Jupyter notebooks provide a convenient interface for sharing data and functions between Python and R through use of the Python rpy2
module. By combining all of your code from across multiple languages inside a single notebook your workflow from analyses to plots is easy to follow and reproduce. In this notebook, I show an example of exporting data from an ipyrad JSON object into R so that we can create high quality plots using plotting libraries in R.
A large motivation for creating the JSON storage object for ipyrad Assemblies is that this object stores all of the information for an entire assembly, and thus provides a useful portable format. This way you can execute very large assemblies on a remote HPC cluster and simply import the small JSON file onto your laptop to analyze and compare its size and other stats. It is of course easiest to analyze the stats in Python since ipyrad has a built-in parser for these JSON objects. However, many users may prefer to use R for plotting, and so here we show how to easily transfer results from ipyrad to R.
In [2]:
## import ipyrad and give it a shorter name
import ipyrad as ip
In [3]:
## create a test assembly
data = ip.Assembly("data")
data.set_params('project_dir', 'test')
data.set_params('raw_fastq_path', 'ipsimdata/rad_example_R1_.fastq.gz')
data.set_params('barcodes_path', 'ipsimdata/rad_example_barcodes.txt')
## Assemble data set; runs steps 1-7
data.run('1')
In [4]:
## load the JSON file for this assembly
data = ip.load_json("test/data.json")
In [5]:
## Data can be accessed from the object's stats and stats_df attributes
print data.stats
In [6]:
## This requires that you have the Python module `rpy2` installed.
## If you do not, it can be installed in anaconda with:
## conda install rpy2
There are a few odd tricks to using this module. One being that you shouldn't try to transfer objects with '.' in their names. R doesn't like that. So simply rename these objects before passing them. Below I rename the stats data frame and then use the '-i' flag in R to import it into R namespace. The "%R" at the beginning of the line tells IPyhton to execute just that line as R code.
In [7]:
%load_ext rpy2.ipython
In [25]:
## rename data.stats as statsDF
statsDF = data.stats
## import statsDF into R namespace
%R -i statsDF
In [26]:
%%R
print(statsDF)
In [92]:
%%R -w 350 -h 350
## the dimensions above tell IPython how big to make the embedded figure
## alternatively you can adjust the size when you save the figure
plot(statsDF$reads_raw,
statsDF$reads_filtered,
pch=20, cex=3)
In [13]:
### Other stats from our assembly are also available.

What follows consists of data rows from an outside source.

(* Let $S\ge 2$. As $m\to\infty$, $$B(m,m,\dots,m)\sim\frac{S^{Sm+\frac12}}{(2\pi m)^{\frac{S-1}{2}}\,(S-1)^S},$$ where $B$ has $S$ arguments all equal to $m$.
   Context: For positive integers $m_1,\dots,m_S$, $B(m_1,\dots,m_S)=\sum_{\ell_1=0}^{m_1-1}\cdots\sum_{\ell_S=0}^{m_S-1}\frac{(\ell_1+\dots+\ell_S)!}{\ell_1!\cdots\ell_S!}$. *)

theory Defs
  imports "HOL-Analysis.Analysis" "HOL-Library.Landau_Symbols"
begin

definition B :: "nat \<Rightarrow> (nat \<Rightarrow> nat) \<Rightarrow> real" where
  "B S m = (\<Sum>l \<in> PiE {..<S} (\<lambda>i. {..<m i}).
      real (fact (\<Sum>i<S. l i)) / (\<Prod>i<S. real (fact (l i))))"

end

theory Submission
  imports Defs "HOL-Real_Asymp.Real_Asymp"
begin

text \<open>
  Let N(t) = (t_1 + ... + t_S)! / (t_1! ... t_S!). Reflecting every index l_i to m - 1 - l_i
  gives B(m,...,m) = \<Sum> N(m - 1 - d) over d \<in> [0,m)^S. For fixed d the ratio
  N(m - 1 - d) / N(m,...,m) tends to S^(-k) with k = \<Sum> (d_i + 1), and it is bounded by
  3/2 (2/3)^k, because raising a smallest entry of a nonzero vector by one multiplies N by at
  least 3/2. By dominated convergence, B(m,...,m) / N(m,...,m) tends to
  (\<Sum>j\<ge>1. S^(-j))^S = (S - 1)^(-S). Finally N(m,...,m) = (Sm)! / (m!)^S is evaluated with
  Stirling's formula, obtained from the convergence of ln n! - (n + 1/2) ln n + n, with the
  constant identified through Wallis' product.
\<close>

section \<open>Stirling's formula\<close>

lemma ln_add_one_ge:
  fixes x :: real
  assumes "0 \<le> x"
  shows "x - x^2/2 \<le> ln (1 + x)"
proof -
  let ?f = "\<lambda>x::real. ln (1 + x) - x + x^2/2"
  have "?f 0 \<le> ?f x"
  proof (rule DERIV_nonneg_imp_nondecreasing[OF assms])
    fix y :: real assume y: "0 \<le> y" "y \<le> x"
    have "DERIV ?f y :> y^2 / (1 + y)"
      using y by (auto intro!: derivative_eq_intros simp: field_simps power2_eq_square)
    then show "\<exists>d. DERIV ?f y :> d \<and> d \<ge> 0"
      using y by auto
  qed
  then show ?thesis by simp
qed

lemma ln_add_one_le:
  fixes x :: real
  assumes "0 \<le> x"
  shows "ln (1 + x) \<le> x - x^2/2 + x^3/3"
proof -
  let ?f = "\<lambda>x::real. x - x^2/2 + x^3/3 - ln (1 + x)"
  have "?f 0 \<le> ?f x"
  proof (rule DERIV_nonneg_imp_nondecreasing[OF assms])
    fix y :: real assume y: "0 \<le> y" "y \<le> x"
    have "DERIV ?f y :> y^3 / (1 + y)"
      using y by (auto intro!: derivative_eq_intros
                       simp: field_simps power2_eq_square power3_eq_cube)
    then show "\<exists>d. DERIV ?f y :> d \<and> d \<ge> 0"
      using y by auto
  qed
  then show ?thesis by simp
qed

lemma stirling_increment_bound:
  fixes x :: real
  assumes "0 < x" "x \<le> 1"
  shows "\<bar>(1/x + 1/2) * ln (1 + x) - 1\<bar> \<le> x^2"
proof -
  define c where "c = 1/x + 1/2"
  have c: "c > 0" using assms by (simp add: c_def add_pos_pos)
  have "c * (x - x^2/2) \<le> c * ln (1 + x)"
    using mult_left_mono[OF ln_add_one_ge, of x c] assms c by simp
  moreover have "c * (x - x^2/2) = 1 - x^2/4"
    using assms by (simp add: c_def field_simps power2_eq_square)
  moreover have "c * ln (1 + x) \<le> c * (x - x^2/2 + x^3/3)"
    using mult_left_mono[OF ln_add_one_le, of x c] assms c by simp
  moreover have "c * (x - x^2/2 + x^3/3) = 1 + x^2/12 + x^3/6"
    using assms by (simp add: c_def field_simps power2_eq_square power3_eq_cube)
  moreover have "x^3 \<le> x^2"
    using assms by (simp add: power3_eq_cube power2_eq_square mult_left_le)
  ultimately show ?thesis
    unfolding c_def[symmetric] abs_le_iff using zero_le_power2[of x] by linarith
qed

lemma stirling_log_convergent:
  "convergent (\<lambda>n. ln (fact n) - (real n + 1/2) * ln (real n) + real n)"
proof -
  define a where "a n = ln (fact n) - (real n + 1/2) * ln (real n) + real n" for n
  define b where "b k = a (Suc (Suc k)) - a (Suc k)" for k
  have b_eq: "b k = - ((real (Suc k) + 1/2) * ln (1 + 1 / real (Suc k)) - 1)" for k
  proof -
    define n where "n = real (Suc k)"
    have n: "n > 0" "real (Suc (Suc k)) = n + 1" by (simp_all add: n_def)
    have "1 + 1 / n = (n + 1) / n"
      using n by (simp add: field_simps)
    then have "ln (n + 1) = ln n + ln (1 + 1 / n)"
      using n by (simp add: ln_div)
    moreover have "ln (fact (Suc (Suc k)) :: real) = ln (n + 1) + ln (fact (Suc k))"
      using n by (simp add: ln_mult del: of_nat_Suc)
    ultimately show ?thesis
      unfolding b_def a_def n(2) n_def[symmetric] by (simp add: algebra_simps)
  qed
  have "norm (b k) \<le> (1 / real (Suc k))^2" for k
    using stirling_increment_bound[of "1 / real (Suc k)"] unfolding b_eq by (simp del: of_nat_Suc)
  moreover have "summable (\<lambda>k. (1 / real (Suc k))^2)"
    using inverse_power_summable[of 2, where 'a=real]
    by (subst summable_Suc_iff) (simp add: inverse_eq_divide power_one_over)
  ultimately have "summable b"
    by (rule summable_comparison_test'[rotated])
  then have "(\<lambda>n. a 1 + (\<Sum>k<n. b k)) \<longlonglongrightarrow> a 1 + suminf b"
    by (intro tendsto_intros summable_LIMSEQ)
  moreover have "a 1 + (\<Sum>k<n. b k) = a (Suc n)" for n
    unfolding b_def by (subst sum_lessThan_telescope) simp
  ultimately have "convergent (\<lambda>n. a (Suc n))"
    by (auto simp: convergent_def)
  then show ?thesis
    unfolding a_def[symmetric] by (subst convergent_Suc_iff[symmetric])
qed

lemma wallis_product_fact:
  "(\<Prod>k=1..n. (4 * real k^2) / (4 * real k^2 - 1)) =
     16^n * (fact n)^4 / ((fact (2*n))^2 * (2 * real n + 1))"
proof (induction n)
  case (Suc n)
  have step: "16^n * a^4 / (b^2 * (2*x + 1)) * (4*(x+1)^2 / ((2*x+1)*(2*x+3))) =
       16^Suc n * ((x+1)*a)^4 / (((2*x+2)*(2*x+1)*b)^2 * (2*x+3))"
    if "a > 0" "b > 0" "x \<ge> 0" for a b x :: real
    using that by (simp add: divide_simps) algebra
  have "(\<Prod>k=1..Suc n. (4 * real k^2) / (4 * real k^2 - 1))
      = (\<Prod>k=1..n. (4 * real k^2) / (4 * real k^2 - 1)) * (4 * real (Suc n)^2 / (4 * real (Suc n)^2 - 1))"
    by (simp add: prod.nat_ivl_Suc')
  also have "\<dots> = 16^n * (fact n)^4 / ((fact (2*n))^2 * (2 * real n + 1))
                 * (4 * (real n + 1)^2 / ((2 * real n + 1) * (2 * real n + 3)))"
  proof -
    have "4 * real (Suc n)^2 - 1 = (2 * real n + 1) * (2 * real n + 3)"
      by (simp add: algebra_simps power2_eq_square)
    then show ?thesis
      unfolding Suc.IH by simp
  qed
  also have "\<dots> = 16^Suc n * ((real n + 1) * fact n)^4
                 / (((2 * real n + 2) * (2 * real n + 1) * fact (2*n))^2 * (2 * real n + 3))"
    by (rule step) auto
  also have "\<dots> = 16^Suc n * (fact (Suc n))^4 / ((fact (2 * Suc n))^2 * (2 * real (Suc n) + 1))"
    by (simp add: algebra_simps)
  finally show ?case .
qed simp

definition stirling_ratio :: "nat \<Rightarrow> real" where
  "stirling_ratio n = fact n / (sqrt (real n) * (real n / exp 1)^n)"

lemma stirling_ratio_eq_exp:
  assumes "n \<ge> 1"
  shows "stirling_ratio n = exp (ln (fact n) - (real n + 1/2) * ln (real n) + real n)"
proof -
  have "exp ((real n + 1/2) * ln (real n)) = real n powr (real n + 1/2)"
    using assms by (simp add: powr_def)
  also have "\<dots> = real n ^ n * sqrt (real n)"
    using assms by (simp add: powr_add powr_half_sqrt powr_realpow)
  moreover have "exp (real n) = exp 1 ^ n"
    using exp_of_nat_mult[of n 1] by simp
  ultimately have "exp (ln (fact n) - (real n + 1/2) * ln (real n) + real n)
      = fact n * exp 1 ^ n / (real n ^ n * sqrt (real n))"
    by (simp add: exp_add exp_diff)
  then show ?thesis
    unfolding stirling_ratio_def by (simp add: power_divide field_simps)
qed

lemma stirling_ratio_convergent: "\<exists>c>0. stirling_ratio \<longlonglongrightarrow> c"
proof -
  obtain A where "(\<lambda>n. ln (fact n) - (real n + 1/2) * ln (real n) + real n) \<longlonglongrightarrow> A"
    using stirling_log_convergent by (auto simp: convergent_def)
  then have "(\<lambda>n. exp (ln (fact n) - (real n + 1/2) * ln (real n) + real n)) \<longlonglongrightarrow> exp A"
    by (rule tendsto_exp)
  moreover have "\<forall>\<^sub>F n in sequentially.
      exp (ln (fact n) - (real n + 1/2) * ln (real n) + real n) = stirling_ratio n"
    using eventually_ge_at_top[of 1] by eventually_elim (simp add: stirling_ratio_eq_exp)
  ultimately have "stirling_ratio \<longlonglongrightarrow> exp A"
    by (rule Lim_transform_eventually)
  then show ?thesis
    using exp_gt_zero by blast
qed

### First store names and then import into R
s5 = data.stats_dfs.s5
s7L = data.stats_dfs.s7_loci
s7S = data.stats_dfs.s7_snps
s7N = data.stats_dfs.s7_samples
## no spaces allowed between comma-separated names when
## transferring multiple objects to R
%R -i s5,s7L,s7S,s7N
In [24]:
%%R -w 800 -h 320
##
barplot(s7N$sample_coverage,
col='grey30', names=rownames(s7N),
ylab="N loci",
xlab="Sample")
In [14]:
%%R -w 450 -h 400
print(s7S)
barplot(s7S$var,
col=rgb(0,0,1,1/4),
names=rownames(s7S),
ylab="N loci", ylim=c(0, 400),
xlab="N variable sites")
barplot(s7S$pis,
col=rgb(1,0,0,1/4),
names=rownames(s7S),
ylab="N loci", ylim=c(0, 400),
xlab="N variable sites",
add=TRUE)
You can of course make much more complex figures with the data for your own Assembly. And you can also create figures to compare stats among multiple Assemblies. See also the R package RADami which has some functions for analysis and plotting using the .loci output file from ipyrad.
If you're an R afficionado please contribute to the ipyrad cookbooks with more advanced plots or analyses, and add your notebooks to the cookbook collection by submitting them to the ipyrad github repo.